— TO DO —
Sort through the entries below and pull out lines containing the word "constant".

— PROVIDED MATERIAL —
(* Let $\mathcal A\subseteq\mathbb R^s$ be a Borel set with $\lambda^s(\mathcal A)>0$, let $h\colon\mathbb R^s\to\mathbb R^m$, with $s\le m$, be real analytic with $Jh$ not identically zero, and let $f\colon\mathbb R^m\to\mathbb R^n$ be real analytic. If $f$ is one-to-one on $h(\mathcal A)$, then $D(f\circ h)(\mathbf z)\neq\mathbf 0$ for $\lambda^s$-almost all $\mathbf z\in\mathcal A$.
   Context: For differentiable $h\colon\mathbb R^s\to\mathbb R^m$ with $m\ge s$, $Jh(\mathbf v)=\sqrt{\det(Dh(\mathbf v)^TDh(\mathbf v))}$, where $Dh(\mathbf v)\in\mathbb R^{m\times s}$ is the differential. $\lambda^s$ is Lebesgue measure on $\mathbb R^s$. *)

theory Defs
  imports "HOL-Analysis.Analysis"
begin

text \<open>Real analyticity of a map between Euclidean spaces (given as vector types):
  around every point the map equals an (unconditionally, hence absolutely) convergent
  multivariate power series, indexed by multi-indices \<open>\<alpha> :: 's \<Rightarrow> nat\<close>.\<close>
definition real_analytic :: "(real^'s \<Rightarrow> real^'m) \<Rightarrow> bool" where
  "real_analytic g \<longleftrightarrow>
     (\<forall>x0. \<exists>e>0. \<exists>c :: ('s \<Rightarrow> nat) \<Rightarrow> real^'m.
        \<forall>x\<in>ball x0 e.
          ((\<lambda>\<alpha>. (\<Prod>i\<in>UNIV. (x$i - x0$i) ^ \<alpha> i) *\<^sub>R c \<alpha>) has_sum g x) UNIV)"

definition Dmat :: "(real^'s \<Rightarrow> real^'m) \<Rightarrow> real^'s \<Rightarrow> real^'s^'m" where
  "Dmat g v = matrix (frechet_derivative g (at v))"

definition jacobian_J :: "(real^'s \<Rightarrow> real^'m) \<Rightarrow> real^'s \<Rightarrow> real" where
  "jacobian_J g v = sqrt (det (transpose (Dmat g v) ** Dmat g v))"

end

theory Submission
  imports Defs "HOL-Complex_Analysis.Complex_Analysis"
begin

text \<open>Suppose \<open>D(f \<circ> h)\<close> vanished on a set \<open>E \<subseteq> A\<close> of positive measure and fix a coordinate
  direction \<open>b\<close>. By Fubini, the lines in direction \<open>b\<close> that meet \<open>E\<close> in positive measure sweep out
  a set of positive measure. On such a line \<open>f \<circ> h\<close> is real analytic with derivative vanishing
  on a set with a limit point, hence constant; injectivity of \<open>f\<close> on \<open>h(A)\<close> makes \<open>h\<close> constant
  on that set, and the identity theorem makes \<open>h\<close> constant on the whole line. So the real analytic
  map \<open>y \<mapsto> h(y + s b) - h(y)\<close> vanishes on a set of positive measure, hence everywhere (identity
  theorem along coordinate lines once more). Then \<open>\<partial>h/\<partial>b = 0\<close>, so \<open>Jh = 0\<close> identically.
  Real analyticity in one variable is used through holomorphic extension, so that the identity
  theorem of complex analysis applies.\<close>

no_notation fps_nth (infixl \<open>$\<close> 75)

section \<open>Real functions with local holomorphic extensions\<close>

definition holomorphic_extendable :: "(real \<Rightarrow> real) \<Rightarrow> bool" where
  "holomorphic_extendable \<phi> \<longleftrightarrow> (\<forall>t0. \<exists>r>0. \<exists>\<Psi>. \<Psi> holomorphic_on ball (complex_of_real t0) r \<and>
      (\<forall>t. \<bar>t - t0\<bar> < r \<longrightarrow> \<Psi> (of_real t) = of_real (\<phi> t)))"

lemma deriv_of_holomorphic_extension:
  assumes hol: "\<Psi> holomorphic_on ball (complex_of_real t0) r"
    and eq: "\<And>t. \<bar>t - t0\<bar> < r \<Longrightarrow> \<Psi> (of_real t) = of_real (\<phi> t)"
    and s: "\<bar>s - t0\<bar> < r"
  shows "(\<phi> has_real_derivative deriv \<phi> s) (at s)" "deriv \<Psi> (of_real s) = of_real (deriv \<phi> s)"
proof -
  have "complex_of_real s \<in> ball (of_real t0) r"
    using s by (simp add: dist_norm abs_minus_commute flip: of_real_diff)
  then have "(\<Psi> has_field_derivative deriv \<Psi> (of_real s)) (at (of_real s))"
    using holomorphic_derivI[OF hol open_ball] by blast
  then have "((\<lambda>x. \<Psi> (of_real x)) has_vector_derivative deriv \<Psi> (of_real s)) (at s)"
    by (rule has_vector_derivative_real_field)
  then have d: "((\<lambda>x. complex_of_real (\<phi> x)) has_vector_derivative deriv \<Psi> (of_real s)) (at s)"
    by (rule has_vector_derivative_transform_within_open[of _ _ _ "{t0 - r <..< t0 + r}"])
      (use s eq in \<open>auto simp: abs_less_iff\<close>)
  have "((\<lambda>x. Re (complex_of_real (\<phi> x))) has_field_derivative Re (deriv \<Psi> (of_real s))) (at s)"
    by (rule has_field_derivative_Re[OF d])
  then have d': "(\<phi> has_real_derivative Re (deriv \<Psi> (of_real s))) (at s)"
    by simp
  then have "((\<lambda>x. complex_of_real (\<phi> x)) has_vector_derivative of_real (Re (deriv \<Psi> (of_real s)))) (at s)"
    by (rule has_vector_derivative_of_real)
  then have "deriv \<Psi> (of_real s) = of_real (Re (deriv \<Psi> (of_real s)))"
    using vector_derivative_unique_at d by blast
  moreover have "deriv \<phi> s = Re (deriv \<Psi> (of_real s))"
    using DERIV_imp_deriv[OF d'] .
  ultimately show "(\<phi> has_real_derivative deriv \<phi> s) (at s)" "deriv \<Psi> (of_real s) = of_real (deriv \<phi> s)"
    using d' by simp_all
qed

lemma holomorphic_extendable_has_real_derivative:
  assumes "holomorphic_extendable \<phi>"
  shows "(\<phi> has_real_derivative deriv \<phi> t) (at t)"
  using assms unfolding holomorphic_extendable_def
  by (metis deriv_of_holomorphic_extension(1) abs_zero diff_self)

lemma holomorphic_extendable_deriv:
  assumes "holomorphic_extendable \<phi>"
  shows "holomorphic_extendable (deriv \<phi>)"
  unfolding holomorphic_extendable_def
proof
  fix t0
  obtain r \<Psi> where r: "r > 0" "\<Psi> holomorphic_on ball (complex_of_real t0) r"
    "\<And>t. \<bar>t - t0\<bar> < r \<Longrightarrow> \<Psi> (of_real t) = of_real (\<phi> t)"
    using assms unfolding holomorphic_extendable_def by blast
  show "\<exists>r>0. \<exists>\<Psi>. \<Psi> holomorphic_on ball (complex_of_real t0) r \<and>
      (\<forall>t. \<bar>t - t0\<bar> < r \<longrightarrow> \<Psi> (of_real t) = of_real (deriv \<phi> t))"
    using r deriv_of_holomorphic_extension(2)[OF r(2) r(3)] holomorphic_deriv[OF r(2) open_ball]
    by blast
qed

lemma holomorphic_extendable_diff:
  assumes "holomorphic_extendable \<phi>" "holomorphic_extendable \<psi>"
  shows "holomorphic_extendable (\<lambda>t. \<phi> t - \<psi> t)"
  unfolding holomorphic_extendable_def
proof
  fix t0
  obtain r \<Psi> where r: "r > 0" "\<Psi> holomorphic_on ball (complex_of_real t0) r"
      "\<And>t. \<bar>t - t0\<bar> < r \<Longrightarrow> \<Psi> (of_real t) = of_real (\<phi> t)"
    using assms unfolding holomorphic_extendable_def by blast
  obtain r' \<Psi>' where r': "r' > 0" "\<Psi>' holomorphic_on ball (complex_of_real t0) r'"
      "\<And>t. \<bar>t - t0\<bar> < r' \<Longrightarrow> \<Psi>' (of_real t) = of_real (\<psi> t)"
    using assms unfolding holomorphic_extendable_def by blast
  have "(\<lambda>z. \<Psi> z - \<Psi>' z) holomorphic_on ball (complex_of_real t0) (min r r')"
    by (intro holomorphic_intros holomorphic_on_subset[OF r(2)] holomorphic_on_subset[OF r'(2)]) auto
  then show "\<exists>r>0. \<exists>\<Psi>. \<Psi> holomorphic_on ball (complex_of_real t0) r \<and>
      (\<forall>t. \<bar>t - t0\<bar> < r \<longrightarrow> \<Psi> (of_real t) = of_real (\<phi> t - \<psi> t))"
    using r r' by (intro exI[of _ "min r r'"] conjI exI[of _ "\<lambda>z. \<Psi> z - \<Psi>' z"]) auto
qed

lemma holomorphic_extendable_const: "holomorphic_extendable (\<lambda>t. c)"
  unfolding holomorphic_extendable_def
  by (intro allI exI[of _ 1] conjI exI[of _ "\<lambda>_. complex_of_real c"]) auto

lemma islimpt_image_of_real:
  assumes "x islimpt S"
  shows "complex_of_real x islimpt (of_real ` S)"
  using assms unfolding islimpt_approachable
  by (metis dist_of_real image_eqI of_real_eq_iff)

lemma holomorphic_extendable_zero_near_limpt_of_zeros:
  assumes ext: "holomorphic_extendable \<phi>" and lim: "t islimpt {s. \<phi> s = 0}"
  shows "\<exists>r>0. \<forall>s. \<bar>s - t\<bar> < r \<longrightarrow> \<phi> s = 0"
proof -
  obtain r \<Psi> where r: "r > 0" "\<Psi> holomorphic_on ball (complex_of_real t) r"
    "\<And>s. \<bar>s - t\<bar> < r \<Longrightarrow> \<Psi> (of_real s) = of_real (\<phi> s)"
    using ext unfolding holomorphic_extendable_def by blast
  define Z where "Z = complex_of_real ` ({s. \<phi> s = 0} \<inter> ball t r)"
  have "t islimpt ({s. \<phi> s = 0} \<inter> ball t r)"
    using lim r(1)
    by (intro islimpt_Int_eventually) (auto simp: eventually_at dist_commute intro!: exI[of _ r])
  then have "complex_of_real t islimpt Z"
    unfolding Z_def by (rule islimpt_image_of_real)
  moreover have "Z \<subseteq> ball (complex_of_real t) r"
    unfolding Z_def by (auto simp: dist_of_real)
  moreover have "\<Psi> z = 0" if "z \<in> Z" for z
    using that r(3) unfolding Z_def by (auto simp: dist_real_def abs_minus_commute)
  ultimately have "\<Psi> w = 0" if "w \<in> ball (complex_of_real t) r" for w
    by (intro analytic_continuation[OF r(2) open_ball connected_ball _ _ _ _ that]) (use r in auto)
  then have "\<phi> s = 0" if "\<bar>s - t\<bar> < r" for s
    using r(3)[OF that] that by (auto simp: dist_of_real dist_real_def abs_minus_commute)
  then show ?thesis
    using r(1) by blast
qed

— EXERCISE RESPONSE —
  on a set with a limit point, hence constant; injectivity of \<open>f\<close> on \<open>h(A)\<close> makes \<open>h\<close> constant
  on that set, and the identity theorem makes \<open>h\<close> constant on the whole line. So the real analytic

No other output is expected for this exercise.